Так оказался я, вопреки увещаниям и советам графа, вопреки своим твердым намерениям, по вине собственного неблагоразумия, вновь на прежнем пути, предавая себя добровольно в руки тех, от кого я столь многими обходными путями и благодаря столь многим жертвам ушел. Не сумев избежать злой судьбы, в ярости устремился я навстречу той, что еще злее. Но то, что могло бы подавить меня, только прибавило мне мужества; то, что ранее истощило бы мои силы, придало мне их. Бедный попрошайка, беспомощный пред каждым неудобством, каждым несчастьем, питался я надеждами, на которые моя измученная душа прежде, даже посреди всех жизненных благ, никогда не была бы способна.
Привычная небрежность и недостаток сведений, могущих быть полезными каждому путешественнику, истощили довольно скоро небольшой запас денег, которым я еще обладал. Когда до столицы оставалось несколько дней пути, он почти истаял, но я не терял мужества и в ближайшем же городе потратил последние монеты на приобретение незатейливой маленькой лютни. Я наделен некоторым музыкальным талантом и знал в ту пору множество народных песенок, которые ради удовольствия выучил в прежние, счастливые, времена. Мои страдания, мои мечты вселяли душу в мертвый инструмент; искусство мое было обращено к женщинам, и это, в сочетании с приятной внешностью, обеспечивало мне всяческое пропитание и благосклонный прием. Я старался не упустить из виду, чем заняты и в каком расположении духа находятся мои слушатели, и играл то, что в настоящий миг могло им понравиться. Так одолел я добрую половину пути, не слишком тяготясь моими обстоятельствами, силен телом, мужествен духом, неизменно весел и приветлив.

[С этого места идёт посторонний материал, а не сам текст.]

(* For every $m\ge1$, the cardinality sensitivity of affine maximizers for $2$ players and $m$ items is $\mu_c(2,m)=1$.
   Context: Players $[n]$, items $[m]$, allocations $\Omega=\{A\in\{0,1\}^{n\times m}:\sum_iA_{i,j}=1\ \forall j\}$; $A_i\in\{0,1\}^m$ denotes the bundle (row) of player $i$. An affine maximizer is $f:\mathbb R^{n\times m}\to\Omega$ with $f(\theta)\in\arg\max_{A\in\Omega}\{c_A+\sum_iw_i\theta_i\cdot A_i\}$ for nonzero weights $w_i$ and reals $c_A$. Difference sets $Q_A=\mathrm{cl}\{\theta:f(\theta)=A\}$; indifference complex $\mathcal I(f)=\{\mathcal O\subseteq\Omega:\bigcap_{A\in\mathcal O}Q_A\ne\emptyset\}$. Let $\Psi_{(n,m)}$ be the set of indifference complexes of affine maximizers. With $\mathrm{Cd}(a,b)=\big||a|_1-|b|_1\big|$, define $\mu_c(n,m)=\min_{\mathcal I\in\Psi_{(n,m)}}\max\{\mathrm{Cd}(A_i,B_i): A,B\in F\text{ for some }F\in\mathcal I,\ i\in[n]\}$. *)

theory Defs
  imports "HOL-Analysis.Analysis"
begin

text \<open>Players are 0..<n, items are 0..<m. Matrices are functions nat => nat => _,
  required to vanish outside [n] x [m]. Row i of a matrix is the bundle of player i.\<close>

type_synonym alloc = "nat \<Rightarrow> nat \<Rightarrow> nat"
type_synonym valuation = "nat \<Rightarrow> nat \<Rightarrow> real"

definition allocations :: "nat \<Rightarrow> nat \<Rightarrow> alloc set" where
  "allocations n m = {A. (\<forall>i j. A i j \<in> {0, 1})
       \<and> (\<forall>i j. \<not> (i < n \<and> j < m) \<longrightarrow> A i j = 0)
       \<and> (\<forall>j<m. (\<Sum>i<n. A i j) = 1)}"

definition valuations :: "nat \<Rightarrow> nat \<Rightarrow> valuation set" where
  "valuations n m = {\<theta>. \<forall>i j. \<not> (i < n \<and> j < m) \<longrightarrow> \<theta> i j = 0}"

definition affine_maximizer :: "nat \<Rightarrow> nat \<Rightarrow> (valuation \<Rightarrow> alloc) \<Rightarrow> bool" where
  "affine_maximizer n m f \<longleftrightarrow>
     (\<exists>(w :: nat \<Rightarrow> real) (c :: alloc \<Rightarrow> real).
        (\<forall>i<n. w i \<noteq> 0) \<and>
        (\<forall>\<theta>\<in>valuations n m. f \<theta> \<in> allocations n m \<and>
           (\<forall>B\<in>allocations n m.
              c B + (\<Sum>i<n. w i * (\<Sum>j<m. \<theta> i j * real (B i j)))
              \<le> c (f \<theta>) + (\<Sum>i<n. w i * (\<Sum>j<m. \<theta> i j * real (f \<theta> i j))))))"

definition diff_set :: "nat \<Rightarrow> nat \<Rightarrow> (valuation \<Rightarrow> alloc) \<Rightarrow> alloc \<Rightarrow> valuation set" where
  "diff_set n m f A = closure {\<theta> \<in> valuations n m. f \<theta> = A}"

definition indiff_complex :: "nat \<Rightarrow> nat \<Rightarrow> (valuation \<Rightarrow> alloc) \<Rightarrow> alloc set set" where
  "indiff_complex n m f =
     {S. S \<subseteq> allocations n m \<and> (\<Inter>A\<in>S. diff_set n m f A) \<noteq> {}}"

definition Psi :: "nat \<Rightarrow> nat \<Rightarrow> alloc set set set" where
  "Psi n m = {indiff_complex n m f | f. affine_maximizer n m f}"

definition Cd :: "nat \<Rightarrow> alloc \<Rightarrow> alloc \<Rightarrow> nat \<Rightarrow> nat" where
  "Cd m A B i = nat \<bar>int (\<Sum>j<m. A i j) - int (\<Sum>j<m. B i j)\<bar>"

definition complex_card_sens :: "nat \<Rightarrow> nat \<Rightarrow> alloc set set \<Rightarrow> nat" where
  "complex_card_sens n m I =
     Sup {Cd m A B i | A B F i. F \<in> I \<and> A \<in> F \<and> B \<in> F \<and> i < n}"

definition mu_c :: "nat \<Rightarrow> nat \<Rightarrow> nat" where
  "mu_c n m = Inf (complex_card_sens n m ` Psi n m)"

end

theory Submission
  imports Defs
begin

text \<open>Lower bound: on the line of valuations where only player 0 has nonzero values, all equal
  to t / w 0, an affine maximizer maximizes c A + t |A 0|. For t large it gives player 0 all m
  items, for t very negative it does not; since the line is connected and there are finitely
  many difference sets, some valuation lies in the closure of both kinds of choices, which
  yields a face with cardinality difference at least 1.

  Upper bound: the affine maximizer with unit weights and c A = -|A 0|^2 adds a strictly convex
  penalty to a welfare that is modular in player 0's bundle. If two bundles S, T with
  |T| \<ge> |S| + 2 were optimal at the same valuation, moving an item of T - S into S would keep
  the modular part and strictly lower the penalty. Optimality survives taking closures, so all
  allocations in a face give each player bundles whose sizes differ by at most one.\<close>

abbreviation bundle_size :: "nat \<Rightarrow> alloc \<Rightarrow> nat \<Rightarrow> nat" where
  "bundle_size m A i \<equiv> \<Sum>j<m. A i j"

Однажды жарким полднем, изнуренный зноем, ходьбой и голодом, я хотел уже свернуть в рощу, чтобы поискать каких-нибудь плодов и прохлады, когда увидел вдали, на несколько удаленном от дороги холме, хижину, окруженную небольшим садом, к которому примыкала роща фруктовых деревьев. По висевшему у входа колокольчику я понял, что имение принадлежит отшельнику. Обитель уже издали выглядела столь приятно и ободряюще, что путник заранее мог почувствовать расположение к хозяину. Этот маленький рай, казалось, был благословлен божеством плодородия. Все цвело и плодоносило одновременно. Каждый клочок земли питал какое-либо растение, и каждое растение наслаждалось тенью. Небольшой поток падал естественными каскадами с близлежащего взгорья и, казалось, медлил, не желая расставаться с благословенными местами. Трудно было бы вообразить более совершенный образ приветливого покоя, чем это мирное жилище уединенной отрады.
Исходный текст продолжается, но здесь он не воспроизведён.